6.2. EXCEPT FOR THE ABOVE REPRESENTATIONS NEITHER PARTY MAKES ANY REPRESENTATIONS OR WARRANTIES TO THE OTHER PARTY, INCLUDING, BUT NOT LIMITED TO, ANY IMPLIED WARRANTIES OF MERCHANTABILITY OR FITNESS FOR A PARTICULAR PURPOSE.

7. Cross-Indemnification.
7.1. Each Party hereby agrees to indemnify, defend and hold harmless the other Party and its affiliates, directors, officers, employees and agents, from and against any and all liability, claims, losses, damages, injuries or expenses (including reasonable attorneys' fees) brought by a third party, arising out of a breach, or alleged breach, of any of its representations or obligations herein.

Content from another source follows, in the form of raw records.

text \<open>Christoffel symbols of the Levi-Civita connection in the global chart (Koszul formula).\<close>
definition dr_Gamma :: "('v::real_inner \<Rightarrow> 'v \<Rightarrow> 'z::real_inner) \<Rightarrow> ('v,'z) drpt \<Rightarrow> ('v,'z) drpt \<Rightarrow> ('v,'z) drpt \<Rightarrow> ('v,'z) drpt" where
  "dr_Gamma br p u w = (THE c. \<forall>y. dr_metric br p c y =
      (frechet_derivative (\<lambda>q. dr_metric br q w y) (at p) u
     + frechet_derivative (\<lambda>q. dr_metric br q u y) (at p) w
     - frechet_derivative (\<lambda>q. dr_metric br q u w) (at p) y) / 2)"

definition dr_cov :: "('v::real_inner \<Rightarrow> 'v \<Rightarrow> 'z::real_inner) \<Rightarrow> ('v,'z) drpt \<Rightarrow> ('v,'z) drpt \<Rightarrow> (('v,'z) drpt \<Rightarrow> ('v,'z) drpt) \<Rightarrow> ('v,'z) drpt" where
  "dr_cov br p v Y = frechet_derivative Y (at p) v + dr_Gamma br p v (Y p)"

definition dr_geodesic :: "('v::real_inner \<Rightarrow> 'v \<Rightarrow> 'z::real_inner) \<Rightarrow> (real \<Rightarrow> ('v,'z) drpt) \<Rightarrow> (real \<Rightarrow> ('v,'z) drpt) \<Rightarrow> bool" where
  "dr_geodesic br \<gamma> \<gamma>' \<longleftrightarrow> (\<forall>t. (\<gamma> has_vector_derivative \<gamma>' t) (at t)) \<and>
     (\<forall>t. (\<gamma>' has_vector_derivative (- dr_Gamma br (\<gamma> t) (\<gamma>' t) (\<gamma>' t))) (at t))"

definition tangent_set :: "('a::real_normed_vector) set \<Rightarrow> 'a \<Rightarrow> 'a set" where
  "tangent_set M p = {v. \<exists>\<gamma>. (\<forall>t. \<gamma> t \<in> M) \<and> \<gamma> 0 = p \<and> (\<gamma> has_vector_derivative v) (at 0)}"

definition dr_subgroup :: "('v::real_vector \<Rightarrow> 'v \<Rightarrow> 'z::real_vector) \<Rightarrow> ('v,'z) drpt set \<Rightarrow> bool" where
  "dr_subgroup br M \<longleftrightarrow> dr_e \<in> M \<and> (\<forall>p\<in>M. \<forall>q\<in>M. dr_mult br p q \<in> M) \<and> (\<forall>p\<in>M. dr_inv p \<in> M)"

text \<open>Totally geodesic (S is complete): every geodesic tangent to M at a point of M stays in M.\<close>
definition dr_totally_geodesic :: "('v::real_inner \<Rightarrow> 'v \<Rightarrow> 'z::real_inner) \<Rightarrow> ('v,'z) drpt set \<Rightarrow> bool" where
  "dr_totally_geodesic br M \<longleftrightarrow> (\<forall>\<gamma> \<gamma>'. dr_geodesic br \<gamma> \<gamma>' \<and> \<gamma> 0 \<in> M \<and> \<gamma>' 0 \<in> tangent_set M (\<gamma> 0)
      \<longrightarrow> (\<forall>t. \<gamma> t \<in> M))"

text \<open>Killing field induced by Y under left translations: p \<mapsto> d/dt exp(tY) p = (dR_p)_e Y.\<close>
definition dr_killing :: "('v::real_normed_vector \<Rightarrow> 'v \<Rightarrow> 'z::real_normed_vector) \<Rightarrow> ('v,'z) drpt \<Rightarrow> ('v,'z) drpt \<Rightarrow> ('v,'z) drpt" where
  "dr_killing br Y p = frechet_derivative (\<lambda>q. dr_mult br q p) (at dr_e) Y"

end

(* At the identity the Koszul formula gives the Levi-Civita connection of S explicitly, and the
   Killing field of Y = U + X is p |-> (0, U, X + [U, V_p]/2), with differential delta |-> [U, delta]/2
   at e.  Hence for v = a1 A + W1 + Z1 and w = a2 A + W2 + Z2 in T_e Sigma the number <nabla_v eta, w>
   is -<J_X W1, W2>/2 plus terms involving <U, v'>, <X, z'>, <J_Z1 U, W2> and <[U, W1], Z2>.  The first
   two vanish because Y is orthogonal to T_e Sigma (nothing else about H is used), the last two because
   J_C W lies in v' for W in v' and C in z'.  This inclusion is where total geodesy enters: the geodesic
   of S through e with initial velocity W + C, |W|^2 + |C|^2 = 1, is explicitly
   s |-> (t(s), alpha(s) W + beta(s) J_C W, alpha(s) C).  It stays in Sigma, so translating its velocity
   at s = 1 back to e gives a vector of T_e Sigma whose v-part has a nonzero J_C W component. *)

theory Submission
  imports Defs
begin

(* Coefficients of the geodesic geo_curve below, with k = |C|^2 = 1 - |W|^2; primes mark
   derivatives in s. *)
definition geo_w :: "real \<Rightarrow> real \<Rightarrow> real" where
  "geo_w k s = ((1 + k) * cosh s + (1 - k)) / 2"
definition geo_t :: "real \<Rightarrow> real \<Rightarrow> real" where
  "geo_t k s = - ln (geo_w k s)"
definition geo_alpha :: "real \<Rightarrow> real \<Rightarrow> real" where
  "geo_alpha k s = sinh s / geo_w k s"
definition geo_beta :: "real \<Rightarrow> real \<Rightarrow> real" where
  "geo_beta k s = (cosh s - 1) / geo_w k s"

definition geo_t' :: "real \<Rightarrow> real \<Rightarrow> real" where
  "geo_t' k s = - (1 + k) * sinh s / (2 * geo_w k s)"
definition geo_alpha' :: "real \<Rightarrow> real \<Rightarrow> real" where
  "geo_alpha' k s = ((1 + k) + (1 - k) * cosh s) / (2 * (geo_w k s)\<^sup>2)"
definition geo_beta' :: "real \<Rightarrow> real \<Rightarrow> real" where
  "geo_beta' k s = sinh s / (geo_w k s)\<^sup>2"

definition geo_t'' :: "real \<Rightarrow> real \<Rightarrow> real" where
  "geo_t'' k s = - (1 + k) * ((1 + k) + (1 - k) * cosh s) / (4 * (geo_w k s)\<^sup>2)"
definition geo_alpha'' :: "real \<Rightarrow> real \<Rightarrow> real" where
  "geo_alpha'' k s = sinh s * ((1 - k) * geo_w k s - (1 + k) * ((1 + k) + (1 - k) * cosh s))
     / (2 * (geo_w k s) ^ 3)"
definition geo_beta'' :: "real \<Rightarrow> real \<Rightarrow> real" where
  "geo_beta'' k s = (cosh s * geo_w k s - (1 + k) * (sinh s)\<^sup>2) / (geo_w k s) ^ 3"

lemma geo_w_ge_1:
  assumes "0 \<le> k" shows "1 \<le> geo_w k s"
proof -
  have "(1 + k) * 1 \<le> (1 + k) * cosh s"
    using assms by (intro mult_left_mono cosh_real_ge_1) auto
  then show ?thesis by (simp add: geo_w_def)
qed

lemma DERIV_geo_w: "(geo_w k has_real_derivative (1 + k) * sinh s / 2) (at s)"
  unfolding geo_w_def[abs_def] by (rule derivative_eq_intros refl | simp)+

lemma geo_exp_substitution:
  assumes "0 \<le> k"
  obtains u q where "u \<noteq> 0" "q \<noteq> 0" "q = (1 + k) * u * u + 2 * (1 - k) * u + (1 + k)"
    "cosh s = (u * u + 1) / (2 * u)" "sinh s = (u * u - 1) / (2 * u)" "geo_w k s = q / (4 * u)"
proof
  define u where "u = exp s"
  have u: "u > 0" "exp (- s) = 1 / u" unfolding u_def by (simp_all add: exp_minus field_simps)
  show "u \<noteq> 0" using u by simp
  show c: "cosh s = (u * u + 1) / (2 * u)"
    unfolding cosh_def using u by (simp add: u_def[symmetric] field_simps)
  show "sinh s = (u * u - 1) / (2 * u)"
    unfolding sinh_def using u by (simp add: u_def[symmetric] field_simps)
  show w: "geo_w k s = ((1 + k) * u * u + 2 * (1 - k) * u + (1 + k)) / (4 * u)"
    unfolding geo_w_def c using u by (simp add: field_simps)
  show "(1 + k) * u * u + 2 * (1 - k) * u + (1 + k) \<noteq> 0"
    using geo_w_ge_1[OF assms, of s] u unfolding w by (auto simp: field_simps)
qed simp

lemma DERIV_geo_t:
  assumes "0 \<le> k" shows "(geo_t k has_real_derivative geo_t' k s) (at s)"
proof -
  have "0 < geo_w k s" using geo_w_ge_1[OF assms, of s] by simp
  then show ?thesis unfolding geo_t_def[abs_def] geo_t'_def
    by (auto intro!: derivative_eq_intros DERIV_geo_w simp: field_simps)
qed

lemma
  assumes k: "0 \<le> k"
  shows DERIV_geo_alpha: "(geo_alpha k has_real_derivative geo_alpha' k s) (at s)"
    and DERIV_geo_beta: "(geo_beta k has_real_derivative geo_beta' k s) (at s)"
    and DERIV_geo_t': "(geo_t' k has_real_derivative geo_t'' k s) (at s)"
    and DERIV_geo_alpha': "(geo_alpha' k has_real_derivative geo_alpha'' k s) (at s)"
    and DERIV_geo_beta': "(geo_beta' k has_real_derivative geo_beta'' k s) (at s)"
proof -
  obtain u q where uq: "u \<noteq> 0" "q \<noteq> 0" and q: "q = (1 + k) * u * u + 2 * (1 - k) * u + (1 + k)"
    and subst: "cosh s = (u * u + 1) / (2 * u)" "sinh s = (u * u - 1) / (2 * u)" "geo_w k s = q / (4 * u)"
    using geo_exp_substitution[OF k] .
  have w: "geo_w k s \<noteq> 0" using geo_w_ge_1[OF k, of s] by simp
  show "(geo_alpha k has_real_derivative geo_alpha' k s) (at s)"
    unfolding geo_alpha'_def geo_alpha_def[abs_def] using w
    apply (auto intro!: derivative_eq_intros DERIV_geo_w)
    unfolding subst by (simp add: field_simps uq) (unfold q, algebra)
  show "(geo_beta k has_real_derivative geo_beta' k s) (at s)"
    unfolding geo_beta'_def geo_beta_def[abs_def] using w
    apply (auto intro!: derivative_eq_intros DERIV_geo_w)
    unfolding subst by (simp add: field_simps uq) (unfold q, algebra)
  show "(geo_t' k has_real_derivative geo_t'' k s) (at s)"
    unfolding geo_t''_def geo_t'_def[abs_def] using w
    apply (auto intro!: derivative_eq_intros DERIV_geo_w)
    unfolding subst by (simp add: field_simps uq) (unfold q, algebra)
  show "(geo_alpha' k has_real_derivative geo_alpha'' k s) (at s)"
    unfolding geo_alpha''_def geo_alpha'_def[abs_def] using w
    apply (auto intro!: derivative_eq_intros DERIV_geo_w)
    unfolding subst by (simp add: field_simps uq) (unfold q, algebra)
  show "(geo_beta' k has_real_derivative geo_beta'' k s) (at s)"
    unfolding geo_beta''_def geo_beta'_def[abs_def] using w
    apply (auto intro!: derivative_eq_intros DERIV_geo_w)
    unfolding subst by (simp add: field_simps uq) (unfold q, algebra)
qed

lemma
  assumes k: "0 \<le> k"
  shows geo_velocity_z_eq: "geo_w k s * (geo_alpha' k s
      - (1 - k) / 2 * (geo_alpha k s * geo_beta' k s - geo_beta k s * geo_alpha' k s)) = 1 / geo_w k s"
    and geo_t''_eq: "- geo_t'' k s
      = (1 - k) / 2 * geo_w k s * ((geo_alpha' k s)\<^sup>2 + k * (geo_beta' k s)\<^sup>2) + k / (geo_w k s)\<^sup>2"
    and geo_alpha''_eq: "geo_alpha'' k s = geo_t' k s * geo_alpha' k s - k * geo_beta' k s / geo_w k s"
    and geo_beta''_eq: "geo_beta'' k s = geo_t' k s * geo_beta' k s + geo_alpha' k s / geo_w k s"
proof -
  obtain u q where uq: "u \<noteq> 0" "q \<noteq> 0" and q: "q = (1 + k) * u * u + 2 * (1 - k) * u + (1 + k)"
    and subst: "cosh s = (u * u + 1) / (2 * u)" "sinh s = (u * u - 1) / (2 * u)" "geo_w k s = q / (4 * u)"
    using geo_exp_substitution[OF k] .
  show "geo_w k s * (geo_alpha' k s
      - (1 - k) / 2 * (geo_alpha k s * geo_beta' k s - geo_beta k s * geo_alpha' k s)) = 1 / geo_w k s"
    unfolding geo_alpha_def geo_beta_def geo_alpha'_def geo_beta'_def subst
    by (simp add: field_simps uq) (unfold q, algebra)
  show "- geo_t'' k s
      = (1 - k) / 2 * geo_w k s * ((geo_alpha' k s)\<^sup>2 + k * (geo_beta' k s)\<^sup>2) + k / (geo_w k s)\<^sup>2"
    unfolding geo_t''_def geo_alpha'_def geo_beta'_def subst
    by (simp add: field_simps uq) (unfold q, algebra)
  show "geo_alpha'' k s = geo_t' k s * geo_alpha' k s - k * geo_beta' k s / geo_w k s"
    unfolding geo_alpha''_def geo_t'_def geo_alpha'_def geo_beta'_def subst
    by (simp add: field_simps uq) (unfold q, algebra)
  show "geo_beta'' k s = geo_t' k s * geo_beta' k s + geo_alpha' k s / geo_w k s"
    unfolding geo_beta''_def geo_t'_def geo_alpha'_def geo_beta'_def subst
    by (simp add: field_simps uq) (unfold q, algebra)
qed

8. Limitation of Liability.
8.1. In no event shall either Party be liable to the other Party for any direct, indirect, special, exemplary, consequential or incidental damages arising from or in connection with this Agreement, even if informed of the possibility of such damages. In no event will the Aggregate Liability of Merchant exceed the total undisputed commissions due and owingPartner hereunder.

9. General.
9.1. Each Party shall act as an independent contractor and shall have no authority to obligate or bind the other in any respect.

9.2. This Agreement has been made in and shall be construed and enforced in accordance with the laws of the state of California. Any action to enforce this Agreement shall be brought in the federal or state courts located in that state. If you need to send official correspondence, send it via registered mail to Merchant's headquarters to the attention of Merchant's legal department.

9.3. This Agreement may be agreed to in more than one counterparts, each of which together shall form one and the same instrument. The Parties agree that execution may be achieved in any format convenient to the Parties.

9.4. The provisions of this Agreement are independent of and separable from each other, and no provision shall be affected or rendered invalid or unenforceable by virtue of the fact that for any reason any other or others of them may be invalid or unenforceable in whole or in part.